▶ _Task item_
The listing that follows must be retyped in full, exactly.

Records shown: Begin

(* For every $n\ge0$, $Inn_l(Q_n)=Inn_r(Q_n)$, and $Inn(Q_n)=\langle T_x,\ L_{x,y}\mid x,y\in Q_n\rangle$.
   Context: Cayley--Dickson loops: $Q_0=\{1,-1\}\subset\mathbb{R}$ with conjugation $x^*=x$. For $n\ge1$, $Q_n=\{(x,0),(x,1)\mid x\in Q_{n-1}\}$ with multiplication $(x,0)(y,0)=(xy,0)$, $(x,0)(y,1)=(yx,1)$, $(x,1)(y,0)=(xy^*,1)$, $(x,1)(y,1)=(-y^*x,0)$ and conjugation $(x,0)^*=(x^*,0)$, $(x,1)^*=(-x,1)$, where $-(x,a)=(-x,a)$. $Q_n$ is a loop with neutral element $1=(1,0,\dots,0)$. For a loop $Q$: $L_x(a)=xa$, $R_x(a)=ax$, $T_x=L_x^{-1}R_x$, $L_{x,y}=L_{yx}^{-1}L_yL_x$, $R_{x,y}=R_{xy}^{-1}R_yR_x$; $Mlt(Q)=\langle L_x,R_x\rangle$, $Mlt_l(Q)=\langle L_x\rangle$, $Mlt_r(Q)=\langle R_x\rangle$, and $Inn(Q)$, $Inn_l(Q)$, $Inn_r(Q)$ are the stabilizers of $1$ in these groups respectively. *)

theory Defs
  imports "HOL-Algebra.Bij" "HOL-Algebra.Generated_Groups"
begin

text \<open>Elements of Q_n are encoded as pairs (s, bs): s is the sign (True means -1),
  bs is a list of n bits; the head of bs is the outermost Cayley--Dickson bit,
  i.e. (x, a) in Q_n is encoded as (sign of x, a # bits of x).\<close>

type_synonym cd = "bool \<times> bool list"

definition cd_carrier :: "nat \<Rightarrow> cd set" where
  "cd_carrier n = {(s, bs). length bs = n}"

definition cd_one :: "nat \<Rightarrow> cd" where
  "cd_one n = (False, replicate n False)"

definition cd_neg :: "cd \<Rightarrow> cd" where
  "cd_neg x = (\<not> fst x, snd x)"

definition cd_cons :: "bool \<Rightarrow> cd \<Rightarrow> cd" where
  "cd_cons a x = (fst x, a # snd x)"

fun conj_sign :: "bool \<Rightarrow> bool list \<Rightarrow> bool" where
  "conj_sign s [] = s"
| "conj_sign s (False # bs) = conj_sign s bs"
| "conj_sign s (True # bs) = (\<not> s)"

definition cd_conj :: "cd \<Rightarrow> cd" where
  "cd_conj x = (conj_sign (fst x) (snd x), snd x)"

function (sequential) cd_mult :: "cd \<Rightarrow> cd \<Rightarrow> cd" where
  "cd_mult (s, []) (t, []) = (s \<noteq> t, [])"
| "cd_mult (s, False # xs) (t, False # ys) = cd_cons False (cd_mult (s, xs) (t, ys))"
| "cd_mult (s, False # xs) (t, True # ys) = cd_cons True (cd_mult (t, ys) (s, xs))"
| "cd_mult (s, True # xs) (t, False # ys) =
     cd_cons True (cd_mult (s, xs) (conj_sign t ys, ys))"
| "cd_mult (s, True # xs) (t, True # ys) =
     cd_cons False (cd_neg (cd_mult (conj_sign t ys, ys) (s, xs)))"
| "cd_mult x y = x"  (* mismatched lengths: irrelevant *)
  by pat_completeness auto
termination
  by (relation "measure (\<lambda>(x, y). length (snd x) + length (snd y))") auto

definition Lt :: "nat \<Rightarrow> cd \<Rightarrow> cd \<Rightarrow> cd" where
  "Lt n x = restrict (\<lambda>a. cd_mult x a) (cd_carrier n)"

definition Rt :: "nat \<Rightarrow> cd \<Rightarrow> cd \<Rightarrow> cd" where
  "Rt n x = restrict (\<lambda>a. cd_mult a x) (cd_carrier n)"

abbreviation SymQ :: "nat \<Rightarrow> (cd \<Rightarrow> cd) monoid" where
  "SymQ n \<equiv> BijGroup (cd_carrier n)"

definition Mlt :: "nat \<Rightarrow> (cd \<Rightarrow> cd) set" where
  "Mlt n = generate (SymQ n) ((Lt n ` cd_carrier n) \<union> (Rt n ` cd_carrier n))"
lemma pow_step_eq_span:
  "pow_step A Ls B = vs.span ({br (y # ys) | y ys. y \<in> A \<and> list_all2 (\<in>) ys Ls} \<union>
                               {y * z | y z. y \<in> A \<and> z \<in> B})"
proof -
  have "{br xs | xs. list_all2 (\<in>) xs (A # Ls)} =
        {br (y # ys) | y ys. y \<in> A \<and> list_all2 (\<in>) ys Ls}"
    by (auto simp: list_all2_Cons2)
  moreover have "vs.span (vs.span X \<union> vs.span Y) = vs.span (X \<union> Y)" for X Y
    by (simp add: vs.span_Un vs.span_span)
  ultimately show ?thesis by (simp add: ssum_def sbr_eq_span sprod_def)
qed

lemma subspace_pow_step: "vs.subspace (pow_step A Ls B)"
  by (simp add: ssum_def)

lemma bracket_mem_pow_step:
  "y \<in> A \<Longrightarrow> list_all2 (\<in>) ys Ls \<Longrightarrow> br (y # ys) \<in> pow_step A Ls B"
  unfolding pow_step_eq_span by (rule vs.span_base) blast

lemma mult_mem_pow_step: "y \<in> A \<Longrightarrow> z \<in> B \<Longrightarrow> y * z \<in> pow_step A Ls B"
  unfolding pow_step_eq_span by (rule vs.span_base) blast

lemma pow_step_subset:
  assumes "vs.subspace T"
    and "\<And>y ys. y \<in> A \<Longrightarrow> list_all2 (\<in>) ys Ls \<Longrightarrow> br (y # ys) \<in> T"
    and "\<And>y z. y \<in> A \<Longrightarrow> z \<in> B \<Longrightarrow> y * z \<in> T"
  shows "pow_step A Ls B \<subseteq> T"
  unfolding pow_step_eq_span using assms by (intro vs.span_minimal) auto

Records shown: End

▶ _Problem solution_
(* For every $n\ge0$, $Inn_l(Q_n)=Inn_r(Q_n)$, and $Inn(Q_n)=\langle T_x,\ L_{x,y}\mid x,y\in Q_n\rangle$.
   Context: Cayley--Dickson loops: $Q_0=\{1,-1\}\subset\mathbb{R}$ with conjugation $x^*=x$. For $n\ge1$, $Q_n=\{(x,0),(x,1)\mid x\in Q_{n-1}\}$ with multiplication $(x,0)(y,0)=(xy,0)$, $(x,0)(y,1)=(yx,1)$, $(x,1)(y,0)=(xy^*,1)$, $(x,1)(y,1)=(-y^*x,0)$ and conjugation $(x,0)^*=(x^*,0)$, $(x,1)^*=(-x,1)$, where $-(x,a)=(-x,a)$. $Q_n$ is a loop with neutral element $1=(1,0,\dots,0)$. For a loop $Q$: $L_x(a)=xa$, $R_x(a)=ax$, $T_x=L_x^{-1}R_x$, $L_{x,y}=L_{yx}^{-1}L_yL_x$, $R_{x,y}=R_{xy}^{-1}R_yR_x$; $Mlt(Q)=\langle L_x,R_x\rangle$, $Mlt_l(Q)=\langle L_x\rangle$, $Mlt_r(Q)=\langle R_x\rangle$, and $Inn(Q)$, $Inn_l(Q)$, $Inn_r(Q)$ are the stabilizers of $1$ in these groups respectively. *)

theory Defs
  imports "HOL-Algebra.Bij" "HOL-Algebra.Generated_Groups"
begin

text \<open>Elements of Q_n are encoded as pairs (s, bs): s is the sign (True means -1),
  bs is a list of n bits; the head of bs is the outermost Cayley--Dickson bit,
  i.e. (x, a) in Q_n is encoded as (sign of x, a # bits of x).\<close>

type_synonym cd = "bool \<times> bool list"

definition cd_carrier :: "nat \<Rightarrow> cd set" where
  "cd_carrier n = {(s, bs). length bs = n}"

definition cd_one :: "nat \<Rightarrow> cd" where
  "cd_one n = (False, replicate n False)"

definition cd_neg :: "cd \<Rightarrow> cd" where
  "cd_neg x = (\<not> fst x, snd x)"

definition cd_cons :: "bool \<Rightarrow> cd \<Rightarrow> cd" where
  "cd_cons a x = (fst x, a # snd x)"

fun conj_sign :: "bool \<Rightarrow> bool list \<Rightarrow> bool" where
  "conj_sign s [] = s"
| "conj_sign s (False # bs) = conj_sign s bs"
| "conj_sign s (True # bs) = (\<not> s)"

definition cd_conj :: "cd \<Rightarrow> cd" where
  "cd_conj x = (conj_sign (fst x) (snd x), snd x)"

function (sequential) cd_mult :: "cd \<Rightarrow> cd \<Rightarrow> cd" where
  "cd_mult (s, []) (t, []) = (s \<noteq> t, [])"
| "cd_mult (s, False # xs) (t, False # ys) = cd_cons False (cd_mult (s, xs) (t, ys))"
| "cd_mult (s, False # xs) (t, True # ys) = cd_cons True (cd_mult (t, ys) (s, xs))"
| "cd_mult (s, True # xs) (t, False # ys) =
     cd_cons True (cd_mult (s, xs) (conj_sign t ys, ys))"
| "cd_mult (s, True # xs) (t, True # ys) =
     cd_cons False (cd_neg (cd_mult (conj_sign t ys, ys) (s, xs)))"
| "cd_mult x y = x"  (* mismatched lengths: irrelevant *)
  by pat_completeness auto
termination
  by (relation "measure (\<lambda>(x, y). length (snd x) + length (snd y))") auto

definition Lt :: "nat \<Rightarrow> cd \<Rightarrow> cd \<Rightarrow> cd" where
  "Lt n x = restrict (\<lambda>a. cd_mult x a) (cd_carrier n)"

definition Rt :: "nat \<Rightarrow> cd \<Rightarrow> cd \<Rightarrow> cd" where
  "Rt n x = restrict (\<lambda>a. cd_mult a x) (cd_carrier n)"

abbreviation SymQ :: "nat \<Rightarrow> (cd \<Rightarrow> cd) monoid" where
  "SymQ n \<equiv> BijGroup (cd_carrier n)"

definition Mlt :: "nat \<Rightarrow> (cd \<Rightarrow> cd) set" where
  "Mlt n = generate (SymQ n) ((Lt n ` cd_carrier n) \<union> (Rt n ` cd_carrier n))"
lemma pow_step_eq_span:
  "pow_step A Ls B = vs.span ({br (y # ys) | y ys. y \<in> A \<and> list_all2 (\<in>) ys Ls} \<union>
                               {y * z | y z. y \<in> A \<and> z \<in> B})"
proof -
  have "{br xs | xs. list_all2 (\<in>) xs (A # Ls)} =
        {br (y # ys) | y ys. y \<in> A \<and> list_all2 (\<in>) ys Ls}"
    by (auto simp: list_all2_Cons2)
  moreover have "vs.span (vs.span X \<union> vs.span Y) = vs.span (X \<union> Y)" for X Y
    by (simp add: vs.span_Un vs.span_span)
  ultimately show ?thesis by (simp add: ssum_def sbr_eq_span sprod_def)
qed

lemma subspace_pow_step: "vs.subspace (pow_step A Ls B)"
  by (simp add: ssum_def)

lemma bracket_mem_pow_step:
  "y \<in> A \<Longrightarrow> list_all2 (\<in>) ys Ls \<Longrightarrow> br (y # ys) \<in> pow_step A Ls B"
  unfolding pow_step_eq_span by (rule vs.span_base) blast

lemma mult_mem_pow_step: "y \<in> A \<Longrightarrow> z \<in> B \<Longrightarrow> y * z \<in> pow_step A Ls B"
  unfolding pow_step_eq_span by (rule vs.span_base) blast

lemma pow_step_subset:
  assumes "vs.subspace T"
    and "\<And>y ys. y \<in> A \<Longrightarrow> list_all2 (\<in>) ys Ls \<Longrightarrow> br (y # ys) \<in> T"
    and "\<And>y z. y \<in> A \<Longrightarrow> z \<in> B \<Longrightarrow> y * z \<in> T"
  shows "pow_step A Ls B \<subseteq> T"
  unfolding pow_step_eq_span using assms by (intro vs.span_minimal) auto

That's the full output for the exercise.